### Your instructions
When you reach the line containing "by (intro tendsto_intros)" in the records below, start copying exactly, and stop once you have copied the line containing "below d by simp".

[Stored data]
lemma limsup_A1_le: "Limsup at_top (\<lambda>t. ereal (A1 m p tau t)) \<le> ereal (1 / real m ^ m)"
proof (rule Limsup_bounded)
  define T where "T = beyond T2"
  have T: "T \<ge> T1" using beyond(1)[of T2] T_order unfolding T_def by linarith
  define g where "g \<xi> = (\<Sum>k\<in>{1..m}. p k \<xi> * exp (integral {tau k \<xi>..\<xi>} (\<lambda>u. \<Sum>l\<in>{1..m}. p l u)))" for \<xi>
  have g: "0 \<le> g \<xi> \<and> g \<xi> \<le> rate \<xi>" if "\<xi> \<ge> T" for \<xi>
    unfolding g_def rate_def using that T after_T1(7)[of \<xi>] exp_integral_sum_p_le_ratio[of \<xi>]
    by (auto simp: T_def intro!: sum_nonneg sum_mono mult_left_mono)
  have "A1 m p tau t < 1 / real m ^ m" if "t \<ge> beyond (beyond T)" for t
    using product_bound[OF order.trans[OF T beyond(1)] exp_integral_le_ratio[OF T _ _ _ g] that]
    unfolding A1_def g_def by simp
  then show "eventually (\<lambda>t. ereal (A1 m p tau t) \<le> ereal (1 / real m ^ m)) at_top"
    unfolding eventually_at_top_linorder by (meson less_imp_le ereal_less_eq(3))
qed

section \<open>The second condition fails\<close>

text \<open>One step of the iteration: if \<open>w_i\<close> eventually exceeds every level below \<open>c \<ge> 1\<close>, then
  it eventually exceeds every level below \<open>exp (\<beta> * c)\<close>, where \<open>\<beta>\<close> bounds the
  lower limit of \<open>\<integral>\<^bsub>[tau_i t, t]\<^esub> p_i\<close>; indeed \<open>ln w_i(t) \<ge> \<integral> w_i p_i\<close>.\<close>
lemma ratio_lower_bound_step:
  assumes i: "i \<in> {1..m}"
    and \<beta>: "ereal \<beta> \<le> Liminf at_top (\<lambda>t. ereal (integral {tau i t..t} (p i)))" "0 < \<beta>"
    and below: "\<forall>c'<c. eventually (\<lambda>t. c' \<le> ratio i t) at_top" and c1: "c \<ge> 1"
  shows "\<forall>c'<exp (\<beta> * c). eventually (\<lambda>t. c' \<le> ratio i t) at_top"
proof (intro allI impI)
  fix c' assume c': "c' < exp (\<beta> * c)"
  have "((\<lambda>d. exp ((c - d) * (\<beta> - d))) \<longlongrightarrow> exp ((c - 0) * (\<beta> - 0))) (at_right 0)"
    by (intro tendsto_intros)
  then have "eventually (\<lambda>d. c' < exp ((c - d) * (\<beta> - d))) (at_right 0)"
    using c' by (intro order_tendstoD(1)) (simp_all add: mult.commute)
  then obtain b0 where b0: "b0 > 0" "\<And>d. d > 0 \<Longrightarrow> d < b0 \<Longrightarrow> c' < exp ((c - d) * (\<beta> - d))"
    unfolding eventually_at_right_field by blast
  define d where "d = min (b0 / 2) (min (c / 2) (\<beta> / 2))"
  have d: "0 < d" "d < c" "d < \<beta>" "c' < exp ((c - d) * (\<beta> - d))"
    using b0 c1 \<beta>(2) unfolding d_def by auto
  have "eventually (\<lambda>t. c - d \<le> ratio i t) at_top" using below d by simp
  then obtain Ta where Ta: "\<And>t. t \<ge> Ta \<Longrightarrow> c - d \<le> ratio i t"
    by (auto simp: eventually_at_top_linorder)
  have "ereal (\<beta> - d) < ereal \<beta>" using d by simp
  then have "eventually (\<lambda>t. ereal (\<beta> - d) < ereal (integral {tau i t..t} (p i))) at_top"
    by (rule le_Liminf_iff[THEN iffD1, OF \<beta>(1), rule_format])
  moreover have "eventually (\<lambda>t. t \<ge> beyond (max Ta T1)) at_top" by simp
  ultimately show "eventually (\<lambda>t. c' \<le> ratio i t) at_top"
  proof eventually_elim
    case (elim t)
    have t1: "t \<ge> T1" using elim(2) beyond(1)[of "max Ta T1"] by auto
    have window: "s \<ge> Ta" "s \<ge> T1" if "s \<in> {tau i t..t}" for s
      using that beyond(2)[OF elim(2) i] by auto
    have "integral {tau i t..t} (\<lambda>s. (c - d) * p i s) \<le> ln (ratio i t)"
    proof (rule integral_le_has_integral[OF rate_has_integral_ln_ratio[OF t1 i]])
      fix s assume s: "s \<in> {tau i t..t}"
      have pp: "p i s \<ge> 0" using after_T1(7)[OF window(2)[OF s] i] .
      then show "0 \<le> (c - d) * p i s" using d by simp
      have "(c - d) * p i s \<le> ratio i s * p i s" using Ta[OF window(1)[OF s]] pp by (rule mult_right_mono)
      also have "\<dots> \<le> rate s" using rate_ge_term[OF window(2)[OF s] i] by (simp add: mult.commute)
      finally show "(c - d) * p i s \<le> rate s" .
    qed
    moreover have "(c - d) * (\<beta> - d) \<le> (c - d) * integral {tau i t..t} (p i)"
      using elim(1) d by (intro mult_left_mono) auto
    ultimately have "(c - d) * (\<beta> - d) \<le> ln (ratio i t)" by simp
    then have "exp ((c - d) * (\<beta> - d)) \<le> ratio i t"
      using ratio_pos[OF t1 i] by (metis exp_le_cancel_iff exp_ln)
    then show ?case using d by simp
  qed
qed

### Solved exercise
    by (intro tendsto_intros)
  then have "eventually (\<lambda>d. c' < exp ((c - d) * (\<beta> - d))) (at_right 0)"
    using c' by (intro order_tendstoD(1)) (simp_all add: mult.commute)
  then obtain b0 where b0: "b0 > 0" "\<And>d. d > 0 \<Longrightarrow> d < b0 \<Longrightarrow> c' < exp ((c - d) * (\<beta> - d))"
    unfolding eventually_at_right_field by blast
  define d where "d = min (b0 / 2) (min (c / 2) (\<beta> / 2))"
  have d: "0 < d" "d < c" "d < \<beta>" "c' < exp ((c - d) * (\<beta> - d))"
    using b0 c1 \<beta>(2) unfolding d_def by auto
  have "eventually (\<lambda>t. c - d \<le> ratio i t) at_top" using below d by simp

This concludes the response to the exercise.